• [Your instructions]: Every line below that contains "orbits" is to be copied.

• [Data extract]:
lemma functor_Fm_in_Arr: "functor A D F \<Longrightarrow> u \<in> Arr A \<Longrightarrow> Fm F u \<in> Arr D"
  and functor_Dom_Fm: "functor A D F \<Longrightarrow> u \<in> Arr A \<Longrightarrow> Dom D (Fm F u) = Fo F (Dom A u)"
  and functor_Cod_Fm: "functor A D F \<Longrightarrow> u \<in> Arr A \<Longrightarrow> Cod D (Fm F u) = Fo F (Cod A u)"
  and functor_Fm_Idn: "functor A D F \<Longrightarrow> a \<in> Obj A \<Longrightarrow> Fm F (Idn A a) = Idn D (Fo F a)"
  and functor_Fm_Cmp: "functor A D F \<Longrightarrow> u \<in> Arr A \<Longrightarrow> v \<in> Arr A \<Longrightarrow> Cod A u = Dom A v \<Longrightarrow>
    Fm F (Cmp A v u) = Cmp D (Fm F v) (Fm F u)"
  unfolding functor_def by blast+

lemma nat_trans_functor_NSrc: "nat_trans A D \<eta> \<Longrightarrow> functor A D (NSrc \<eta>)"
  and nat_trans_functor_NTgt: "nat_trans A D \<eta> \<Longrightarrow> functor A D (NTgt \<eta>)"
  and nat_trans_NCmp_in_Arr: "nat_trans A D \<eta> \<Longrightarrow> a \<in> Obj A \<Longrightarrow> NCmp \<eta> a \<in> Arr D"
  and nat_trans_Dom_NCmp: "nat_trans A D \<eta> \<Longrightarrow> a \<in> Obj A \<Longrightarrow> Dom D (NCmp \<eta> a) = Fo (NSrc \<eta>) a"
  and nat_trans_Cod_NCmp: "nat_trans A D \<eta> \<Longrightarrow> a \<in> Obj A \<Longrightarrow> Cod D (NCmp \<eta> a) = Fo (NTgt \<eta>) a"
  and nat_trans_NCmp_undefined: "nat_trans A D \<eta> \<Longrightarrow> a \<notin> Obj A \<Longrightarrow> NCmp \<eta> a = undefined"
  and nat_trans_naturality: "nat_trans A D \<eta> \<Longrightarrow> u \<in> Arr A \<Longrightarrow>
    Cmp D (NCmp \<eta> (Cod A u)) (Fm (NSrc \<eta>) u) = Cmp D (Fm (NTgt \<eta>) u) (NCmp \<eta> (Dom A u))"
  unfolding nat_trans_def by blast+
theorem theorem2p1:
  fixes n k :: nat
    and p :: "nat \<Rightarrow> nat \<Rightarrow> nat \<Rightarrow> nat \<Rightarrow> 'f::field mpoly"
    and \<alpha> :: "nat \<Rightarrow> nat"
  assumes char: "(2::'f) \<noteq> 0"
    and n: "n \<ge> 1"
    and hom: "\<And>d l i j. l \<in> {1..n} \<Longrightarrow> i \<in> {1..n} \<Longrightarrow> j \<in> {1..n} \<Longrightarrow>
               homogeneous_in n d (p d l i j)"
    and antisym: "\<And>d l i j. l \<in> {1..n} \<Longrightarrow> i \<in> {1..n} \<Longrightarrow> j \<in> {1..n} \<Longrightarrow>
               p d l i j = - p d l j i"
    and k: "k \<ge> 1"
    and \<alpha>: "\<And>t. t \<in> {1..k} \<Longrightarrow> \<alpha> t \<in> {1..n}"
  shows "(\<Sum>\<sigma>\<in>{\<sigma>. \<sigma> permutes {1..k}}.
            Xprod_act n p (map (\<lambda>t. \<alpha> (\<sigma> t)) [1..<k+1]) 1)
         = of_nat (fact k) * (\<Prod>t\<in>{1..k}. Var (\<alpha> t))"
proof -
  have "set [1..<k+1] = {1..k}"
    by auto
  then have "(\<Sum>\<sigma>\<in>{\<sigma>. \<sigma> permutes {1..k}}. Xprod_act n p (map (\<lambda>t. \<alpha> (\<sigma> t)) [1..<k+1]) 1)
      = (\<Sum>xs\<in>permutations_of_set {1..k}. Xprod_act n p (map \<alpha> xs) 1)"
    using sum.reindex_bij_betw[OF bij_betw_map_permutes[OF distinct_upt[of 1 "k+1"]],
        where g = "\<lambda>xs. Xprod_act n p (map \<alpha> xs) 1"]
    by (simp only: map_map comp_def)
  also have "\<dots> = of_nat (fact k) * (\<Prod>t\<in>{1..k}. Var (\<alpha> t))"
    using sum_permutations_Xprod_act[where p = p and \<alpha> = \<alpha>, OF char antisym finite_atLeastAtMost \<alpha>]
    by simp
  finally show ?thesis .
qed

end
lemma interleaved_return:
  fixes FA FB :: "int \<Rightarrow> int" and D :: "nat \<Rightarrow> int" and a b P :: nat
  assumes mono_A: "mono FA" and mono_B: "mono FB"
    and shift_A: "\<And>z. FA (z + int b) = FA z + int a"
    and shift_B: "\<And>z. FB (z + int a) = FB z + int b"
    and a: "a > 0" and b: "b > 0" and P: "P > 0"
    and two_steps: "\<And>t. D (Suc (Suc t)) = FB (FA (D t))"
    and per: "\<And>t. D (t + 2 * P) mod int b = D t mod int b"
  shows "\<exists>k m. 0 < k \<and> k \<le> a \<and> k \<le> b \<and> (\<forall>t. D (t + 2 * k) = D t + m * int b)"
proof -
  define G where "G z = FB (FA z)" for z
  have shift: "G (z + int b) = G z + int b" for z by (simp add: G_def shift_A shift_B)
  have orbit: "D (t + 2 * n) = (G ^^ n) (D t)" for t n
    by (induction n) (simp_all add: G_def two_steps)
  have "\<exists>M. (G ^^ P) (D t) = D t + M * int b" for t
    using per[of t] cong_iff_translate[of "D t" "int b"] by (simp add: orbit eq_commute)
  then obtain M0 M1 where "(G ^^ P) (D 0) = D 0 + M0 * int b" "(G ^^ P) (D 1) = D 1 + M1 * int b"
    by metis
  then obtain k m where k: "0 < k" "k \<le> a" "k \<le> b"
    and ret: "(G ^^ k) (D 0) = D 0 + m * int b" "(G ^^ k) (D 1) = D 1 + m * int b"
    using common_return[of G FB FA, OF _ mono_A mono_B shift_A shift_B a b P] by (metis G_def)
  have "D (t + 2 * k) = D t + m * int b" for t
  proof -
    define r where "r = t mod 2"
    have t: "t = r + 2 * (t div 2)" by (simp add: r_def)
    have "r = 0 \<or> r = 1" by (auto simp: r_def)
    then have ret_r: "(G ^^ k) (D r) = D r + m * int b" using ret by auto
    have "t + 2 * k = r + 2 * (t div 2 + k)" unfolding r_def by presburger
    then have "D (t + 2 * k) = (G ^^ (t div 2 + k)) (D r)" by (simp only: orbit)
    also have "\<dots> = (G ^^ (t div 2)) (D r + m * int b)" by (simp add: funpow_add ret_r)
    also have "\<dots> = D t + m * int b"
      using orbit[of r "t div 2", folded t] funpow_shift[of G "int b", OF shift] by simp
    finally show ?thesis .
  qed
  with k show ?thesis by blast
qed

lemma card_restrict_le: "card {i. i < n \<and> P i} \<le> n"
  using card_mono[of "{..<n}" "{i. i < n \<and> P i}"] by auto

lemma reset_system_period:
  fixes \<alpha> \<beta> :: "nat \<Rightarrow> nat \<Rightarrow> nat" and X Y :: "nat \<Rightarrow> nat" and a b P :: nat
  assumes a: "a > 0" and b: "b > 0" and P: "P > 0"
    and X: "\<And>t. X t = card {i. i < a \<and> b \<le> \<alpha> i t}"
    and Y: "\<And>t. Y t = card {j. j < b \<and> a \<le> \<beta> j t}"
    and step_A: "\<And>i t. i < a \<Longrightarrow> \<alpha> i (Suc t) = \<alpha> i t mod b + Y t"
    and step_B: "\<And>j t. j < b \<Longrightarrow> \<beta> j (Suc t) = \<beta> j t mod a + X t"
    and per: "\<And>t. \<alpha> 0 (t + P) = \<alpha> 0 t"
  shows "\<exists>k. 0 < k \<and> k \<le> a \<and> k \<le> b \<and>
           (\<forall>t\<ge>2. (\<forall>i<a. \<alpha> i (t + 2 * k) = \<alpha> i t) \<and> (\<forall>j<b. \<beta> j (t + 2 * k) = \<beta> j t))"
proof -
  have X_le: "X t \<le> a" and Y_le: "Y t \<le> b" for t by (simp_all add: X Y card_restrict_le)
  define DA where "DA t = (\<Sum>s<t. int (Y s))" for t
  define DB where "DB t = (\<Sum>s<t. int (X s))" for t
  define cA where "cA i = int (\<alpha> i 0 mod b)" for i
  define cB where "cB j = int (\<beta> j 0 mod a)" for j
  define FA where "FA = floor_sum a b cA (int (X 0))"
  define FB where "FB = floor_sum b a cB (int (Y 0))"
  have res_A: "int (\<alpha> i t mod b) = (cA i + DA t) mod int b" if "i < a" for i t
    unfolding cA_def DA_def using b Y_le step_A X that by (rule reset_residue)
  have val_A: "int (\<alpha> i (Suc t)) = (cA i + DA t) mod int b + (DA (Suc t) - DA t)" if "i < a" for i t
    unfolding cA_def DA_def using b Y_le step_A X that by (rule reset_value)
  have val_B: "int (\<beta> j (Suc t)) = (cB j + DB t) mod int a + (DB (Suc t) - DB t)" if "j < b" for j t
    unfolding cB_def DB_def using a X_le step_B Y that by (rule reset_value)
  have DB_Suc: "DB (Suc t) = FA (DA t)" for t
    unfolding DB_def FA_def cA_def DA_def using b Y_le step_A X by (rule reset_outflow)
  have DA_Suc: "DA (Suc t) = FB (DB t)" for t
    unfolding DA_def FB_def cB_def DB_def using a X_le step_B Y by (rule reset_outflow)
  have mono_A: "mono FA" and mono_B: "mono FB"
    unfolding FA_def FB_def using a b by (simp_all add: floor_sum_mono)
  have shift_A: "FA (z + int b) = FA z + int a" and shift_B: "FB (z + int a) = FB z + int b" for z
    unfolding FA_def FB_def using a b by (simp_all add: floor_sum_shift)
  have two_steps: "DA (Suc (Suc t)) = FB (FA (DA t))" for t by (simp add: DA_Suc DB_Suc)
  have DA_per_P: "DA (t + 2 * P) mod int b = DA t mod int b" for t
  proof -
    have "\<alpha> 0 (t + 2 * P) = \<alpha> 0 t" using per[of "t + P"] per[of t] by (simp add: mult_2 add.assoc)
    then have "(cA 0 + DA (t + 2 * P)) mod int b = (cA 0 + DA t) mod int b"
      using res_A[OF a, of "t + 2 * P"] res_A[OF a, of t] by simp
    then show ?thesis by (simp add: mod_eq_dvd_iff)
  qed
  obtain k m where k: "0 < k" "k \<le> a" "k \<le> b" and DA_per: "\<And>t. DA (t + 2 * k) = DA t + m * int b"
    using interleaved_return[where D=DA, OF mono_A mono_B shift_A shift_B a b P two_steps DA_per_P] by blast
  have DB_per: "DB (Suc t + 2 * k) = DB (Suc t) + m * int a" for t
    using DB_Suc DA_per shift_mult[of FA "int b" "int a", OF shift_A] by simp
  have A_per: "\<alpha> i (Suc t + 2 * k) = \<alpha> i (Suc t)" if "i < a" for i t
  proof -
    have "int (\<alpha> i (Suc t + 2 * k)) = (cA i + DA t + m * int b) mod int b + (DA (Suc t) - DA t)"
      using val_A[OF that, of "t + 2 * k"] DA_per[of t] DA_per[of "Suc t"] by (simp add: add.assoc)
    also have "\<dots> = int (\<alpha> i (Suc t))" using val_A[OF that, of t] by simp
    finally show ?thesis by simp
  qed
  have B_per: "\<beta> j (Suc (Suc t) + 2 * k) = \<beta> j (Suc (Suc t))" if "j < b" for j t
  proof -
    have "int (\<beta> j (Suc (Suc t) + 2 * k)) = (cB j + DB (Suc t) + m * int a) mod int a + (DB (Suc (Suc t)) - DB (Suc t))"
      using val_B[OF that, of "Suc t + 2 * k"] DB_per[of t] DB_per[of "Suc t"] by (simp add: add.assoc)
    also have "\<dots> = int (\<beta> j (Suc (Suc t)))" using val_B[OF that, of "Suc t"] by simp
    finally show ?thesis by simp
  qed
  have "(\<forall>i<a. \<alpha> i (t + 2 * k) = \<alpha> i t) \<and> (\<forall>j<b. \<beta> j (t + 2 * k) = \<beta> j t)" if "2 \<le> t" for t
  proof -
    obtain t' where "t = Suc (Suc t')" using \<open>2 \<le> t\<close> by (metis add_2_eq_Suc le_Suc_ex)
    then show ?thesis using A_per[of _ "Suc t'"] B_per[of _ t'] by simp
  qed
  with k show ?thesis by blast
qed

section \<open>The game on K(a,b) and eventual periods\<close>

abbreviation Kab_step :: "nat \<Rightarrow> nat \<Rightarrow> (nat + nat \<Rightarrow> nat) \<Rightarrow> nat + nat \<Rightarrow> nat" where
  "Kab_step a b \<equiv> cf_step (Kab_V a b) Kab_E"

definition left_firing :: "nat \<Rightarrow> nat \<Rightarrow> (nat + nat \<Rightarrow> nat) \<Rightarrow> nat" where
  "left_firing a b \<sigma> = card {i. i < a \<and> b \<le> \<sigma> (Inl i)}"

definition right_firing :: "nat \<Rightarrow> nat \<Rightarrow> (nat + nat \<Rightarrow> nat) \<Rightarrow> nat" where
  "right_firing a b \<sigma> = card {j. j < b \<and> a \<le> \<sigma> (Inr j)}"

lemma deg_Inl: "deg (Kab_V a b) Kab_E (Inl i) = b"
proof -
  have "{u \<in> Kab_V a b. Kab_E (Inl i) u} = Inr ` {..<b}" by (auto simp: Kab_V_def Kab_E_def)
  then show ?thesis by (simp add: deg_def card_image)
qed
(* Let $v\ne 7$ with $v\equiv 1\pmod 6$ or $v\equiv 9\pmod{18}$. Then every cyclic $\mathrm{STS}(v)$ admits a zero-sum $3$-flow.
   Context: A Steiner triple system $\mathrm{STS}(v)$ is a pair $(X,\mathcal{B})$ with $|X|=v$ and $\mathcal{B}$ a collection of 3-subsets of $X$ such that every 2-subset lies in exactly one block. It is cyclic if, after relabeling, $X=\mathbb{Z}_v$ and $i\mapsto i+1\pmod v$ maps blocks to blocks. For a design $(X,\mathcal{B})$ and integer $n\ge2$, a zero-sum $n$-flow is a map $f:\mathcal{B}\to\{\pm1,\ldots,\pm(n-1)\}$ such that $\sum_{B\ni x} f(B)=0$ for every point $x$; thus a zero-sum 3-flow takes values in $\{\pm1,\pm2\}$. *)

theory Defs
  imports Main
begin

definition STS :: "'a set \<Rightarrow> 'a set set \<Rightarrow> bool" where
  "STS X Bs \<longleftrightarrow> finite X \<and>
     (\<forall>B\<in>Bs. B \<subseteq> X \<and> card B = 3) \<and>
     (\<forall>x\<in>X. \<forall>y\<in>X. x \<noteq> y \<longrightarrow> (\<exists>!B. B \<in> Bs \<and> {x, y} \<subseteq> B))"

definition cyclic_design :: "'a set \<Rightarrow> 'a set set \<Rightarrow> bool" where
  "cyclic_design X Bs \<longleftrightarrow>
     (\<exists>\<phi> :: 'a \<Rightarrow> nat. bij_betw \<phi> X {0..<card X} \<and>
        (\<forall>B\<in>Bs. (\<lambda>i. (i + 1) mod card X) ` (\<phi> ` B) \<in> (\<lambda>C. \<phi> ` C) ` Bs))"

definition zero_sum_flow :: "nat \<Rightarrow> 'a set \<Rightarrow> 'a set set \<Rightarrow> ('a set \<Rightarrow> int) \<Rightarrow> bool" where
  "zero_sum_flow n X Bs f \<longleftrightarrow>
     (\<forall>B\<in>Bs. f B \<noteq> 0 \<and> \<bar>f B\<bar> \<le> int n - 1) \<and>
     (\<forall>x\<in>X. (\<Sum>B\<in>{B\<in>Bs. x \<in> B}. f B) = 0)"

end

(*
  A block fixed by a translation
  by k satisfies v | 3k, since translation adds 3k to the sum of its points; so a block
  orbit is either full, with v blocks, or (only if 3 | v) the short orbit of the blocks
  {x, x + v/3, x + 2v/3}. Every point lies in exactly 3 blocks of each full orbit.

  If v = 1 (mod 6) all orbits are full, and giving the blocks of each orbit a constant
  weight in {-2, -1, 1, 2}, these constants summing to 0, yields a zero-sum 3-flow. This is
  possible unless there is exactly one orbit, which happens only for v = 7.

  If v = 9 (mod 18), write v = 3n with n odd. Counting the pairs {x, y} with x = 0 and
  y = 1 (mod 3) block by block shows, by parity, that some block B meets all three residue
  classes. Weighting the translate B + k of B by g (k mod 3) contributes g 0 + g 1 + g 2 at
  every point, and these three values are chosen to cancel the contributions of the short
  orbit (weight -1) and of the remaining full orbits.
*)
theory Submission
  imports Defs
begin

section \<open>Translations modulo v\<close>

lemma mod_less_double: "(a::nat) < 2 * v \<Longrightarrow> a mod v = (if a < v then a else a - v)"
  by (simp add: le_mod_geq)

lemma add_mod_eq_iff:
  assumes "x < (v::nat)" "c < v" "k < v"
  shows "(c + k) mod v = x \<longleftrightarrow> k = (x + v - c) mod v"
  using assms by (simp add: le_mod_geq mod_if) linarith

lemma inj_on_add_mod: "inj_on (\<lambda>i::nat. (i + k) mod v) {..<v}"
proof (rule inj_onI)
  fix i j assume ij: "i \<in> {..<v}" "j \<in> {..<v}" and "(i + k) mod v = (j + k) mod v"
  then have "(i + k mod v) mod v = (j + k mod v) mod v" by (simp add: mod_add_right_eq)
  moreover have "k mod v < v" using ij by simp
  ultimately show "i = j" using ij
    by (simp add: mod_less_double[of "i + k mod v" v] mod_less_double[of "j + k mod v" v] split: if_splits)
qed

lemma mod_cancel_left:
  assumes "(a1::nat) + b1 = a2 + b2" "a1 mod m = a2 mod m"
  shows "b1 mod m = b2 mod m"
proof -
  have "int b1 - int b2 = int a2 - int a1" using assms(1) by simp
  moreover have "int m dvd int a2 - int a1"
    using assms(2) by (metis mod_eq_dvd_iff of_nat_mod)
  ultimately show ?thesis by (metis mod_eq_dvd_iff of_nat_eq_iff of_nat_mod)
qed

lemma card_residue_class:
  assumes "r < m"
  shows "card {x. x < m * n \<and> x mod m = r} = n"
proof -
  have "{x. x < m * n \<and> x mod m = r} = (\<lambda>i. m * i + r) ` {..<n}"
  proof (intro set_eqI iffI)
    fix x assume "x \<in> {x. x < m * n \<and> x mod m = r}"
    then have "x = m * (x div m) + r" "x div m < n"
      by (auto simp: less_mult_imp_div_less mult.commute)
    then show "x \<in> (\<lambda>i. m * i + r) ` {..<n}" by blast
  next
    fix x assume "x \<in> (\<lambda>i. m * i + r) ` {..<n}"
    then obtain i where "i < n" "x = m * i + r" by blast
    moreover have "m * i + r < m * (i + 1)" using assms by simp
    moreover have "m * (i + 1) \<le> m * n" using \<open>i < n\<close> by (intro mult_le_mono2) simp
    ultimately show "x \<in> {x. x < m * n \<and> x mod m = r}" using assms by simp
  qed
  moreover have "inj_on (\<lambda>i. m * i + r) {..<n}"
    using assms by (auto simp: inj_on_def)
  ultimately show ?thesis by (simp add: card_image)
qed

lemma even_mult_if_sum_3:
  fixes a b c :: nat
  assumes "a + b + c = 3" "2 \<le> a \<or> 2 \<le> b \<or> 2 \<le> c"
  shows "even (a * b)"
proof -
  have "a \<le> 3" "b \<le> 3" using assms(1) by auto
  then show ?thesis using assms
    by (auto simp: le_Suc_eq numeral_3_eq_3 numeral_2_eq_2)
qed

definition translate :: "nat \<Rightarrow> nat \<Rightarrow> nat set \<Rightarrow> nat set" where
  "translate v k C = (\<lambda>i. (i + k) mod v) ` C"

definition orbit :: "nat \<Rightarrow> nat set \<Rightarrow> nat set set" where
  "orbit v C = range (\<lambda>k. translate v k C)"

definition full_orbit :: "nat \<Rightarrow> nat set \<Rightarrow> bool" where
  "full_orbit v C \<longleftrightarrow> (\<forall>k. 0 < k \<and> k < v \<longrightarrow> translate v k C \<noteq> C)"

lemma translate_translate: "translate v a (translate v b C) = translate v (b + a) C"
  unfolding translate_def image_image by (simp add: mod_add_left_eq add.assoc)

lemma translate_commute: "translate v a (translate v b C) = translate v b (translate v a C)"
  by (simp add: translate_translate add.commute)

lemma translate_mod: "translate v (k mod v) C = translate v k C"
  unfolding translate_def by (simp add: mod_add_right_eq)

lemma translate_0: "C \<subseteq> {..<v} \<Longrightarrow> translate v 0 C = C"
  unfolding translate_def by (force simp: subset_iff image_iff)

lemma translate_inverse: "C \<subseteq> {..<v} \<Longrightarrow> k \<le> v \<Longrightarrow> translate v (v - k) (translate v k C) = C"
  by (metis translate_translate translate_0 translate_mod le_add_diff_inverse mod_self)

lemma orbit_eq_image: "0 < v \<Longrightarrow> orbit v C = (\<lambda>k. translate v k C) ` {..<v}"
  unfolding orbit_def by (auto simp: image_iff intro!: bexI[of _ "_ mod v"] simp: translate_mod)

lemma finite_orbit: "0 < v \<Longrightarrow> finite (orbit v C)"
  by (simp add: orbit_eq_image)

lemma mem_orbit_self: "C \<subseteq> {..<v} \<Longrightarrow> C \<in> orbit v C"
  unfolding orbit_def by (metis rangeI translate_0)

lemma orbit_translate:
  assumes "C \<subseteq> {..<v}" "0 < v"
  shows "orbit v (translate v k C) = orbit v C"
proof -
  have "C = translate v (v - k mod v) (translate v k C)"
    using translate_inverse[OF assms(1), of "k mod v"] assms(2) by (simp add: translate_mod)
  then have "orbit v C \<subseteq> orbit v (translate v k C)"
    unfolding orbit_def by (metis image_subsetI rangeI translate_translate)
  moreover have "orbit v (translate v k C) \<subseteq> orbit v C"
    unfolding orbit_def by (auto simp: translate_translate)
  ultimately show ?thesis by blast
qed

lemma orbit_eq_if_mem: "C \<subseteq> {..<v} \<Longrightarrow> 0 < v \<Longrightarrow> E \<in> orbit v C \<Longrightarrow> orbit v E = orbit v C"
  unfolding orbit_def using orbit_translate[unfolded orbit_def] by blast

text \<open>The sum of the elements of C is invariant modulo v, while translation by k adds |C| k.\<close>
lemma translate_fixed_dvd:
  assumes "C \<subseteq> {..<v}" "finite C" "translate v k C = C"
  shows "v dvd card C * k"
proof -
  have "(\<Sum>c\<in>C. c) mod v = (\<Sum>c\<in>C. (c + k) mod v) mod v"
    using assms unfolding translate_def
    by (metis (no_types, lifting) inj_on_add_mod inj_on_subset sum.reindex_cong)
  also have "\<dots> = ((\<Sum>c\<in>C. c) + card C * k) mod v"
    by (simp add: mod_sum_eq sum.distrib)
  finally show ?thesis
    using mod_eq_dvd_iff_nat[of "\<Sum>c\<in>C. c" "(\<Sum>c\<in>C. c) + card C * k" v] by simp
qed

lemma full_orbit_if_coprime:
  assumes "C \<subseteq> {..<v}" "finite C" "coprime (card C) v"
  shows "full_orbit v C"
  unfolding full_orbit_def
proof (intro allI impI notI)
  fix k assume "0 < k \<and> k < v" "translate v k C = C"
  then show False
    using translate_fixed_dvd[OF assms(1,2)] assms(3)
    by (metis coprime_commute coprime_dvd_mult_right_iff nat_dvd_not_less)
qed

• [Reply to the task]:
  If v = 1 (mod 6) all orbits are full, and giving the blocks of each orbit a constant
  orbit (weight -1) and of the remaining full orbits.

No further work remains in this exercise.